Fixing llama 2

So llama 2 just released. It looks really good. Separately, I just got a new M2 mac to replace my intel mac. I'm quite glad to try it out, but it doesn't seem to work! There's quite a few issues summed up in this repository. The repository owner fixed a few of the bugs, but the current state leaves the chat and completion examples yielding question marks.

I want to see if I can fix this. I already have some experience dealing with crappy ML frameworks when I ported Stable Diffusion to iOS ahead of the official port¹. First, the "size too large" console output for the transpose ANE operation seems like a prime target.

error: 'anec.transpose' op Height/Width dimensions must be less than 16384

However, looking at the inputs and outputs of the ColumnParallelLinear layer which triggers this operation, we find that the input was corrupted by NaN before this step. Lacking any other logs to go off of, we plunge down the rabbit hole of going back up, function by function, to find the first place where NaNs were introduced.

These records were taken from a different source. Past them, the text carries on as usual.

(* Let $G$ be a simple, undirected, connected graph on $N$ vertices with edge set $E$ and degrees $d_j$. Let $\lambda_2$ be the second largest eigenvalue of the transition matrix $P$ of the simple random walk on $G$, and set $$k=\left\lfloor\frac{\lambda_2(N-1)+1}{\lambda_2+1}\right\rfloor,\qquad \theta=\lambda_2(N-k-2)-k+2.$$ Then $$R^+(G)\le N\left(\frac{N-k-2}{1-\lambda_2}+\frac{k}{2}+\frac{1}{\theta}\right)+\frac{1}{1-\lambda_2}\left(2|E|\sum_{j}\frac{1}{d_j}-N\right).$$
   Context: $P=(p(v,w))$ is the $N\times N$ matrix with $p(v,w)=1/d_v$ if $v,w$ are adjacent and $0$ otherwise; its eigenvalues are real, $1=\lambda_1>\lambda_2\ge\cdots\ge\lambda_N\ge-1$. For vertices $i,j$, $R_{ij}$ denotes the effective resistance between $i$ and $j$ when every edge is a unit resistor. The additive degree-Kirchhoff index is $R^+(G)=\sum_{i<j}(d_i+d_j)R_{ij}$. *)

theory Defs
  imports "HOL-Analysis.Analysis" "Jordan_Normal_Form.Char_Poly"
begin

definition simple_graph :: "nat \<Rightarrow> (nat \<Rightarrow> nat \<Rightarrow> bool) \<Rightarrow> bool" where
  "simple_graph N E \<longleftrightarrow>
     (\<forall>u v. E u v \<longrightarrow> u < N \<and> v < N) \<and>
     (\<forall>u v. E u v \<longrightarrow> E v u) \<and>
     (\<forall>u. \<not> E u u)"

definition connected_graph :: "nat \<Rightarrow> (nat \<Rightarrow> nat \<Rightarrow> bool) \<Rightarrow> bool" where
  "connected_graph N E \<longleftrightarrow> (\<forall>u v. u < N \<longrightarrow> v < N \<longrightarrow> E\<^sup>*\<^sup>* u v)"

definition degree :: "nat \<Rightarrow> (nat \<Rightarrow> nat \<Rightarrow> bool) \<Rightarrow> nat \<Rightarrow> nat" where
  "degree N E v = card {w. w < N \<and> E v w}"

definition num_edges :: "nat \<Rightarrow> (nat \<Rightarrow> nat \<Rightarrow> bool) \<Rightarrow> nat" where
  "num_edges N E = card {(u, v). u < v \<and> v < N \<and> E u v}"

definition transition_matrix :: "nat \<Rightarrow> (nat \<Rightarrow> nat \<Rightarrow> bool) \<Rightarrow> real mat" where
  "transition_matrix N E =
     mat N N (\<lambda>(v, w). if E v w then 1 / real (degree N E v) else 0)"

text \<open>The k-th largest root (counted with multiplicity) of a real polynomial, i.e. the
  largest x such that at least k roots (with multiplicity) are \<ge> x.\<close>
definition kth_largest_root :: "nat \<Rightarrow> real poly \<Rightarrow> real" where
  "kth_largest_root k p =
     (GREATEST x. k \<le> (\<Sum>y\<in>{y. poly p y = 0 \<and> x \<le> y}. order y p))"

definition second_largest_eigenvalue :: "real mat \<Rightarrow> real" where
  "second_largest_eigenvalue A = kth_largest_root 2 (char_poly A)"

text \<open>Effective resistance between i and j (unit resistors on all edges): the potential
  difference x_i - x_j, where x is a potential for which a unit current enters at i and
  leaves at j, i.e. L x = e_i - e_j with L the combinatorial Laplacian.\<close>
definition effective_resistance :: "nat \<Rightarrow> (nat \<Rightarrow> nat \<Rightarrow> bool) \<Rightarrow> nat \<Rightarrow> nat \<Rightarrow> real" where
  "effective_resistance N E i j =
     (THE r. \<exists>x :: nat \<Rightarrow> real.
        (\<forall>v<N. real (degree N E v) * x v - (\<Sum>w | w < N \<and> E v w. x w)
                 = (if v = i then 1 else 0) - (if v = j then 1 else 0))
        \<and> r = x i - x j)"

definition additive_degree_kirchhoff :: "nat \<Rightarrow> (nat \<Rightarrow> nat \<Rightarrow> bool) \<Rightarrow> real" where
  "additive_degree_kirchhoff N E =
     (\<Sum>(i, j)\<in>{(i, j). i < j \<and> j < N}.
        real (degree N E i + degree N E j) * effective_resistance N E i j)"

end

theory Submission
  imports Defs
begin

text \<open>
  Let \<open>S = D\<^sup>-\<^sup>1\<^sup>/\<^sup>2 A D\<^sup>-\<^sup>1\<^sup>/\<^sup>2\<close> be the normalized adjacency matrix. It is symmetric and similar
  to \<open>P = D\<^sup>-\<^sup>1 A\<close>, so it has an orthonormal eigenbasis \<open>u\<^sub>0, \<dots>, u\<^sub>N\<^sub>-\<^sub>1\<close> with
  \<open>u\<^sub>0 = \<surd>d / \<surd>vol\<close>, eigenvalue \<open>\<mu>\<^sub>0 = 1\<close>, and the other eigenvalues \<open>\<mu>\<^sub>k\<close> are those of \<open>P\<close>:
  they lie in \<open>[-1, \<lambda>\<^sub>2]\<close> and sum to \<open>-1\<close> because \<open>tr S = 0\<close>. Inverting the Laplacian
  on the complement of \<open>u\<^sub>0\<close> gives
  \<open>R\<^sub>i\<^sub>j = \<Sum>\<^sub>k\<^sub>\<ge>\<^sub>1 (u\<^sub>k(i)/\<surd>d\<^sub>i - u\<^sub>k(j)/\<surd>d\<^sub>j)\<^sup>2 / (1 - \<mu>\<^sub>k)\<close>,
  and summing with weights \<open>d\<^sub>i + d\<^sub>j\<close> yields
  \<open>R\<^sup>+ = \<Sum>\<^sub>k\<^sub>\<ge>\<^sub>1 (N + vol \<Sum>\<^sub>i u\<^sub>k(i)\<^sup>2 / d\<^sub>i) / (1 - \<mu>\<^sub>k)\<close>.
  In the second part we bound \<open>1 - \<mu>\<^sub>k \<ge> 1 - \<lambda>\<^sub>2\<close> and use completeness of the basis,
  \<open>\<Sum>\<^sub>k\<^sub>\<ge>\<^sub>1 u\<^sub>k(i)\<^sup>2 = 1 - d\<^sub>i / vol\<close>. The first part, \<open>N \<Sum>\<^sub>k\<^sub>\<ge>\<^sub>1 1 / (1 - \<mu>\<^sub>k)\<close>, is a
  convex function of the \<open>\<mu>\<^sub>k\<close>, maximised under these constraints by pushing all but one of
  them to the end points \<open>-1\<close> and \<open>\<lambda>\<^sub>2\<close>; this gives the terms with \<open>k\<close> and \<open>\<theta>\<close>.
\<close>

section \<open>Vectors and orthonormal families\<close>

text \<open>Vectors of \<open>\<real>\<^sup>n\<close> are functions \<open>nat \<Rightarrow> real\<close> of which only the first \<open>n\<close> values
  matter, and \<open>n \<times> n\<close> matrices are functions \<open>nat \<Rightarrow> nat \<Rightarrow> real\<close>.\<close>

definition dot :: "nat \<Rightarrow> (nat \<Rightarrow> real) \<Rightarrow> (nat \<Rightarrow> real) \<Rightarrow> real" where
  "dot n x y = (\<Sum>i<n. x i * y i)"

definition matvec :: "nat \<Rightarrow> (nat \<Rightarrow> nat \<Rightarrow> real) \<Rightarrow> (nat \<Rightarrow> real) \<Rightarrow> nat \<Rightarrow> real" where
  "matvec n M x i = (\<Sum>j<n. M i j * x j)"

definition symmetric_matrix :: "nat \<Rightarrow> (nat \<Rightarrow> nat \<Rightarrow> real) \<Rightarrow> bool" where
  "symmetric_matrix n M \<longleftrightarrow> (\<forall>i<n. \<forall>j<n. M i j = M j i)"

definition orthonormal :: "nat \<Rightarrow> nat \<Rightarrow> (nat \<Rightarrow> nat \<Rightarrow> real) \<Rightarrow> bool" where
  "orthonormal n m u \<longleftrightarrow> (\<forall>k<m. \<forall>l<m. dot n (u k) (u l) = (if k = l then 1 else 0))"

lemma dot_comm: "dot n x y = dot n y x"
  unfolding dot_def by (simp add: mult.commute)

lemma dot_sum_right: "dot n x (\<lambda>i. \<Sum>k\<in>A. f k i) = (\<Sum>k\<in>A. dot n x (f k))"
  unfolding dot_def by (simp add: sum_distrib_left sum.swap[of _ A])

lemma dot_sum_left: "dot n (\<lambda>i. \<Sum>k\<in>A. f k i) x = (\<Sum>k\<in>A. dot n (f k) x)"
  unfolding dot_def by (simp add: sum_distrib_right sum.swap[of _ A])

lemma dot_diff_right: "dot n x (\<lambda>i. y i - z i) = dot n x y - dot n x z"
  unfolding dot_def by (simp add: algebra_simps sum_subtractf)

lemma dot_diff_left: "dot n (\<lambda>i. y i - z i) x = dot n y x - dot n z x"
  unfolding dot_def by (simp add: algebra_simps sum_subtractf)
lemma weighted_nn_integral_finite_of_gaussian_bound:
  fixes T :: "'a::euclidean_space \<Rightarrow> real"
  assumes T_nonneg: "\<And>x. T x \<ge> 0" and T_meas [measurable]: "T \<in> borel_measurable lborel"
    and s: "s \<ge> 0" and K: "K < \<infinity>"
    and bound: "\<And>l. l > 0 \<Longrightarrow> (\<integral>\<^sup>+x. ennreal (T x * gaussian l x) \<partial>lborel) \<le> ennreal (l powr (s / 2)) * K"
  shows "(\<integral>\<^sup>+x. ennreal (T x * (1 + norm x) powr (- s)) \<partial>lborel) < \<infinity>"
proof -
  have ball: "(\<integral>\<^sup>+x\<in>cball 0 r. ennreal (T x) \<partial>lborel) \<le> ennreal (r powr (s / 2)) * (ennreal (exp pi) * K)"
    if r: "r \<ge> 1" for r
  proof -
    have "(\<integral>\<^sup>+x\<in>cball 0 r. ennreal (T x) \<partial>lborel) \<le> ennreal (exp pi) * (\<integral>\<^sup>+x. ennreal (T x * gaussian r x) \<partial>lborel)"
      using r by (intro set_nn_integral_cball_le_gaussian[OF T_nonneg T_meas]) simp
    also have "\<dots> \<le> ennreal (exp pi) * (ennreal (r powr (s / 2)) * K)"
      using r by (intro mult_left_mono bound) simp_all
    finally show ?thesis by (simp only: ac_simps)
  qed
  have K': "ennreal (exp pi) * K < \<infinity>"
    using K by (simp add: ennreal_mult_less_top)
  have weight: "ennreal (T x * (1 + norm x) powr (- s)) = ennreal (T x) * ennreal ((1 + norm x) powr (- s))" for x
    using T_nonneg by (simp add: ennreal_mult)
  show ?thesis
  proof (cases "s = 0")
    case True
    have "(\<integral>\<^sup>+x. ennreal (T x) \<partial>lborel) \<le> ennreal (exp pi) * K"
    proof (rule nn_integral_le_of_cball_bounded)
      fix r :: real assume "r \<ge> 1"
      then show "(\<integral>\<^sup>+x\<in>cball 0 r. ennreal (T x) \<partial>lborel) \<le> ennreal (exp pi) * K"
        using ball[of r] True by simp
    qed simp
    then have "(\<integral>\<^sup>+x. ennreal (T x) \<partial>lborel) < \<infinity>"
      using K' by (rule order.strict_trans1)
    moreover have "(1 + norm x) powr (- s) = 1" for x :: 'a
      using True by (simp add: add_nonneg_eq_0_iff)
    ultimately show ?thesis by simp
  next
    case False
    then have "s / 2 < s" using s by simp
    show ?thesis
      unfolding weight by (rule weighted_nn_integral_finite_of_cball_growth[OF _ s \<open>s / 2 < s\<close> K' ball]) simp_all
  qed
qed
lemma h_ideal_subset: "h_ideal A I \<Longrightarrow> I \<subseteq> car {1}" by (simp add: h_ideal_def)
lemma h_ideal_h_comb: "h_ideal A I \<Longrightarrow> finite X \<Longrightarrow> b \<in> car X \<Longrightarrow> d \<in> car X \<Longrightarrow> \<forall>x\<in>X. c x \<in> I \<Longrightarrow> h_comb X b c d \<in> I"
  unfolding h_ideal_def h_comb_def by blast
lemma h_idealI: "I \<subseteq> car {1} \<Longrightarrow> (\<And>X b d c. finite X \<Longrightarrow> b \<in> car X \<Longrightarrow> d \<in> car X \<Longrightarrow> \<forall>x\<in>X. c x \<in> I \<Longrightarrow> h_comb X b c d \<in> I)
   \<Longrightarrow> h_ideal A I"
  unfolding h_ideal_def h_comb_def by blast

lemma h_ideal_mult1_closed: assumes I: "h_ideal A I" and q: "q \<in> I" and v: "v \<in> car {1}" shows "mult1 A v q \<in> I"
proof -
  have "h_comb {1} v (\<lambda>_. q) one \<in> I" using h_ideal_h_comb[OF I, of "{1}" v one "\<lambda>_. q"] q v one_car by simp
  thus ?thesis using h_comb_singleton[OF v] h_ideal_subset[OF I] q by auto
qed

lemma h_ideal_colon: assumes Q: "h_ideal A Q" and v: "v \<in> car {1}" shows "h_ideal A {u \<in> car {1}. mult1 A u v \<in> Q}"
proof (rule h_idealI)
  fix X b d c assume fX: "finite X" and b: "b \<in> car X" and d: "d \<in> car X"
    and c: "\<forall>x\<in>X. c x \<in> {u \<in> car {1}. mult1 A u v \<in> Q}"
  have c1: "\<forall>x\<in>X. c x \<in> car {1}" using c by auto
  obtain P b' c' d' where P: "finite P" "b' \<in> car P" "d' \<in> car P" "\<forall>p\<in>P. \<exists>x\<in>X. c' p = mult1 A (c x) v"
    and eq: "mult1 A (h_comb X b c d) v = h_comb P b' c' d'" using mult1_h_comb_right[OF fX b d c1 v] by blast
  have "\<forall>p\<in>P. c' p \<in> Q" using P(4) c by fastforce
  hence "h_comb P b' c' d' \<in> Q" using h_ideal_h_comb[OF Q P(1-3)] by blast
  thus "h_comb X b c d \<in> {u \<in> car {1}. mult1 A u v \<in> Q}" using eq h_comb_car[OF fX b d c1] by simp
qed auto

lemma h_ideal_carrier: "h_ideal A (car {1})"
  by (rule h_idealI) (auto intro: h_comb_car)

section \<open>Generated h-ideals and prime avoidance\<close>

definition hgen where "hgen S = \<Inter>{I. h_ideal A I \<and> S \<subseteq> I}"

lemma h_ideal_hgen: "S \<subseteq> car {1} \<Longrightarrow> h_ideal A (hgen S)"
proof (rule h_idealI)
  show "S \<subseteq> car {1} \<Longrightarrow> hgen S \<subseteq> car {1}" unfolding hgen_def using h_ideal_carrier by blast
  fix X b d c assume "finite X" "b \<in> car X" "d \<in> car X" "\<forall>x\<in>X. c x \<in> hgen S"
  thus "h_comb X b c d \<in> hgen S" unfolding hgen_def using h_ideal_h_comb by blast
qed
lemma prob_measure_eq_sum_atom_weight:
  assumes fin: "finite \<Omega>" and \<mu>: "prob_measure_on \<Omega> M \<mu>" and "X \<in> M"
  shows "\<mu> X = (\<Sum>x\<in>X. atom_weight \<mu> x)"
  using \<open>X \<in> M\<close>
proof (induction "card X" arbitrary: X rule: less_induct)
  case less
  show ?case
  proof (cases "X = {}")
    case True
    then show ?thesis using \<mu> by (simp add: prob_measure_on_def)
  next
    case False
    then obtain x where x: "x \<in> X" by auto
    have finX: "finite X" using less.prems sets_into_space fin finite_subset by blast
    have x\<Omega>: "x \<in> \<Omega>" using x less.prems sets_into_space by blast
    have atom: "atom x \<in> M" "atom x \<subseteq> X"
      using atom_in_sets[OF fin x\<Omega>] atom_subset[OF less.prems x] by auto
    have rest: "X - atom x \<in> M" using atom less.prems by auto
    have "card (X - atom x) < card X"
      using finX mem_atom[of x] x by (intro psubset_card_mono) auto
    then have IH: "\<mu> (X - atom x) = (\<Sum>y\<in>X - atom x. atom_weight \<mu> y)"
      using rest by (rule less.hyps)
    have "\<mu> X = \<mu> (atom x \<union> (X - atom x))" using atom by (simp add: Un_absorb1)
    also have "\<dots> = \<mu> (atom x) + \<mu> (X - atom x)"
      using \<mu> atom rest Diff_disjoint unfolding prob_measure_on_def by blast
    also have "\<dots> = (\<Sum>y\<in>X. atom_weight \<mu> y)"
      using IH sum_atom_weight_atom[OF fin x\<Omega>] atom finX
      by (simp add: sum.subset_diff[of "atom x" X])
    finally show ?thesis .
  qed
qed

lemma prob_measure_on_weights:
  assumes fin: "finite \<Omega>" and p0: "\<forall>x\<in>\<Omega>. 0 \<le> p x" and p1: "(\<Sum>x\<in>\<Omega>. p x) = 1"
  shows "prob_measure_on \<Omega> M (\<lambda>X. \<Sum>x\<in>X. p x)"
  unfolding prob_measure_on_def
proof (intro conjI ballI impI)
  fix X assume "X \<in> M"
  then have X: "X \<subseteq> \<Omega>" using sets_into_space by blast
  show "0 \<le> (\<Sum>x\<in>X. p x)" using X p0 by (intro sum_nonneg) auto
  have "(\<Sum>x\<in>X. p x) \<le> (\<Sum>x\<in>\<Omega>. p x)" using X p0 fin by (intro sum_mono2) auto
  then show "(\<Sum>x\<in>X. p x) \<le> 1" using p1 by simp
  fix Y assume Y: "Y \<in> M" "X \<inter> Y = {}"
  have "finite X" using X fin by (rule finite_subset)
  moreover have "finite Y" using sets_into_space[OF Y(1)] fin by (rule finite_subset)
  ultimately show "(\<Sum>x\<in>X \<union> Y. p x) = (\<Sum>x\<in>X. p x) + (\<Sum>x\<in>Y. p x)"
    using Y(2) by (rule sum.union_disjoint)
qed (use p1 in simp_all)

lemma prob_measure_nk_cover:
  assumes fin: "finite \<Omega>" and \<mu>: "prob_measure_on \<Omega> M \<mu>"
    and A: "A \<in> M" and As: "\<forall>i\<in>{1..m}. As i \<in> M" and cover: "nk_cover n k m As A \<Omega>"
  shows "real k + real n * \<mu> A \<le> (\<Sum>i=1..m. \<mu> (As i))"
proof -
  have w: "\<mu> X = (\<Sum>x\<in>X. atom_weight \<mu> x)" if "X \<in> M" for X
    using fin \<mu> that by (rule prob_measure_eq_sum_atom_weight)
  have "(\<Sum>x\<in>\<Omega>. atom_weight \<mu> x) = 1" using w[OF top] \<mu> by (simp add: prob_measure_on_def)
  then have "real k + real n * (\<Sum>x\<in>A. atom_weight \<mu> x) \<le> (\<Sum>i=1..m. \<Sum>x\<in>As i. atom_weight \<mu> x)"
    using fin atom_weight_nonneg[OF fin \<mu>] A As cover sets_into_space
    by (intro nk_cover_weighted) auto
  then show ?thesis using w A As by simp
qed
definition Num0'_q :: "nat \<Rightarrow> nat \<Rightarrow> (nat \<Rightarrow> nat \<Rightarrow> 'a::field) \<Rightarrow> 'a set" where
  "Num0'_q q n M = {herm q n u (matvec n M u) | u.
      u \<in> vecs n (subfield_q q) \<and> u \<noteq> (\<lambda>_. 0) \<and> herm q n u u = 0}"

end

theory Submission
  imports Defs "HOL-Number_Theory.Residues"
begin

text \<open>For \<open>u \<in> F_q\<^sup>n\<close> we have \<open>u\<^sub>i\<^sup>q = u\<^sub>i\<close>, so in characteristic 2
  \<open>\<langle>u,u\<rangle> = \<Sum> u\<^sub>i\<^sup>2 = (\<Sum> u\<^sub>i)\<^sup>2\<close> and \<open>\<langle>u,Mu\<rangle> = Q u = \<Sum> m\<^sub>i\<^sub>j u\<^sub>i u\<^sub>j\<close>:
  \<open>Num'\<^sub>0(M)\<^sub>q\<close> is the set of values of the quadratic form \<open>Q\<close> on nonzero vectors with
  coordinate sum 0. The vector \<open>s (e\<^sub>i + e\<^sub>j)\<close> gives the value
  \<open>s\<^sup>2 (m\<^sub>i\<^sub>i + m\<^sub>i\<^sub>j + m\<^sub>j\<^sub>i + m\<^sub>j\<^sub>j)\<close>, and squaring is bijective on \<open>F_q\<close>, so one nonzero
  such coefficient already yields all of \<open>F_q\<^sup>*\<close>; if they all vanish, \<open>Q\<close> vanishes on the
  sum-zero hyperplane. For \<open>n = 2\<close> every vector of that hyperplane is of the form
  \<open>s (e\<^sub>1 + e\<^sub>2)\<close>. For \<open>n \<ge> 4\<close> the hyperplane contains independent \<open>v, w\<close> orthogonal
  for the polar form, and with \<open>a\<^sup>2 = Q v\<close>, \<open>b\<^sup>2 = Q w\<close> we get
  \<open>Q (b v + a w) = (a b)\<^sup>2 + (a b)\<^sup>2 = 0\<close>.\<close>

lemma CHAR_eq_prime_of_card:
  assumes "prime p" and "card (UNIV :: 'a::{field,finite} set) = p ^ m" and "m > 0"
  shows "CHAR('a) = p"
proof -
  have prime_CHAR: "prime CHAR('a)"
    by (intro prime_CHAR_semidom finite_imp_CHAR_pos) simp
  moreover have "CHAR('a) dvd p ^ m"
    using CHAR_dvd_CARD[where 'a='a] assms(2) by simp
  ultimately have "CHAR('a) dvd p"
    using prime_dvd_power by blast
  with prime_CHAR assms(1) show ?thesis
    by (simp add: primes_dvd_imp_eq)
qed

lemma two_eq_zero_if_CHAR_2:
  assumes "CHAR('a::semiring_1) = 2"
  shows "(2::'a) = 0"
  using of_nat_CHAR[where 'a='a] assms by simp

lemma inj_square_CHAR_2:
  assumes "CHAR('a::idom) = 2"
  shows "inj (\<lambda>x::'a. x ^ 2)"
proof (rule injI)
  fix x y :: 'a
  assume "x ^ 2 = y ^ 2"
  have "(x + y) ^ 2 = x ^ 2 + y ^ 2"
    using assms by (intro freshmans_dream) simp_all
  also have "\<dots> = 0"
    using \<open>x ^ 2 = y ^ 2\<close> two_eq_zero_if_CHAR_2[OF assms] by simp
  finally have "x + y = 0"
    by simp
  then show "x = y"
    using uminus_CHAR_2[OF assms, of y] by (simp add: add_eq_0_iff2)
qed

This brings us to the forward method in the transformer module.

# ...
mask = None
if seqlen > 1:
    mask = torch.full(
        (1, 1, seqlen, seqlen), float("-inf"), device=tokens.device
    )
    mask = torch.triu(mask, diagonal=start_pos + 1).type_as(h)

for layer in self.layers:
    h = layer(h, start_pos, freqs_cis, mask)
# ...

A quick glance at the triu documentation reveals that it returns a tensor with the upper triangular part of the input matrix, and the rest filled with zeros. This is then multiplied by negative infinity, and added to the input.

Unfortunately, a glance at our debugger shows that's not the case! The bottom triangle is, in fact, filled with NaNs. Some googling about this reveals a github issue about this behavior that's designated 'low priority' until our poor souls are forced to deal with it.

I don't really know pytorch that well, so our solution will be "don't do that" - just take all the NaNs and replace them with zeros.

# ...
mask = None
if seqlen > 1:
    mask = torch.full(
        (1, 1, seqlen, seqlen), float("-inf"), device=tokens.device
    )
    mask = torch.triu(mask, diagonal=start_pos + 1).type_as(h)
    mask = mask.masked_fill(torch.isnan(mask), 0.0)

for layer in self.layers:
    h = layer(h, start_pos, freqs_cis, mask)
# ...

And this works! The test output now shows the correct output, and the completion example works as well.

Footnotes

The short project that inspired the creation of this blog, even if it didn't end up making it on. Perhaps one day it will! ↩